You can do this blot very nicely, I have done it. But please use P-STAT3 antibody from Cell signaling, saves you a lot of trouble. There are two different phospho-antibody, for serine or tyrosine phosphorylation of STAT3. Normally, you first look Tyr705, that would be antibody 9138. For normal STAT3 you can use santa cruz antibody sc-482, this one is very nice working.

You first do the blot for P-STAT3, strip the membrane, probe against STAT3, strip again and probe against GAPDH or Actin. Thats the nicest way to do. I would use PVDF-membrane for this. And strip with low pH instead of ß-ME, but that's just my favorite stripping method, no bad smell.
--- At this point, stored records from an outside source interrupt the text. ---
text \<open>Balanced polynomials are star-singular: put one monomial of maximal weight of each
  residue class into P1 and the remaining monomials into P2.\<close>
lemma balanced_singular:
  fixes P :: "'a poly"
  assumes bal: "balanced a n P"
  shows "star_singular (phi a n) P"
proof -
  define C where "C r = {m. m \<le> degree P \<and> m mod n = r}" for r
  have "finite (C r)" for r
    unfolding C_def by simp
  then have "\<forall>r. \<exists>t. C r \<noteq> {} \<longrightarrow> t \<in> C r \<and> (\<forall>m\<in>C r. weight a n P m \<preceq> weight a n P t)"
    using exists_maximiser by blast
  then obtain top where top: "\<And>r. C r \<noteq> {} \<Longrightarrow>
      top r \<in> C r \<and> (\<forall>m\<in>C r. weight a n P m \<preceq> weight a n P (top r))"
    by metis
  define T where "T = {m. top (m mod n) = m}"
  have "phi a n (restrict_poly T P) = phi a n (restrict_poly (- T) P)"
  proof (rule poly_eqI)
    fix r
    have "sum (weight a n (restrict_poly T P)) (C r) = sum (weight a n (restrict_poly (- T) P)) (C r)"
    proof (cases "C r = {}")
      case False
      have "\<forall>m\<in>C r. m \<in> T \<longleftrightarrow> m = top r"
        unfolding C_def T_def by auto
      then show ?thesis
        using class_sums_agree[OF bal C_def] top[OF False] by blast
    qed simp
    then show "coeff (phi a n (restrict_poly T P)) r = coeff (phi a n (restrict_poly (- T) P)) r"
      unfolding C_def by (simp only: coeff_phi[OF degree_restrict_poly])
  qed
  then show ?thesis
    unfolding star_singular_def using restrict_poly_split monomials_restrict_poly_disjoint by blast
qed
Hope, this helps for beginning.

-biomaus-

QUOTE (biomaus @ Mar 14 2007, 04:16 PM)
You can do this blot very nicely, I have done it. But please use P-STAT3 antibody from Cell signaling, saves you a lot of trouble. There are two different phospho-antibody, for serine or tyrosine phosphorylation of STAT3. Normally, you first look Tyr705, that would be antibody 9138. For normal STAT3 you can use santa cruz antibody sc-482, this one is very nice working.

You first do the blot for P-STAT3, strip the membrane, probe against STAT3, strip again and probe against GAPDH or Actin. Thats the nicest way to do. I would use PVDF-membrane for this. And strip with low pH instead of ß-ME, but that's just my favorite stripping method, no bad smell.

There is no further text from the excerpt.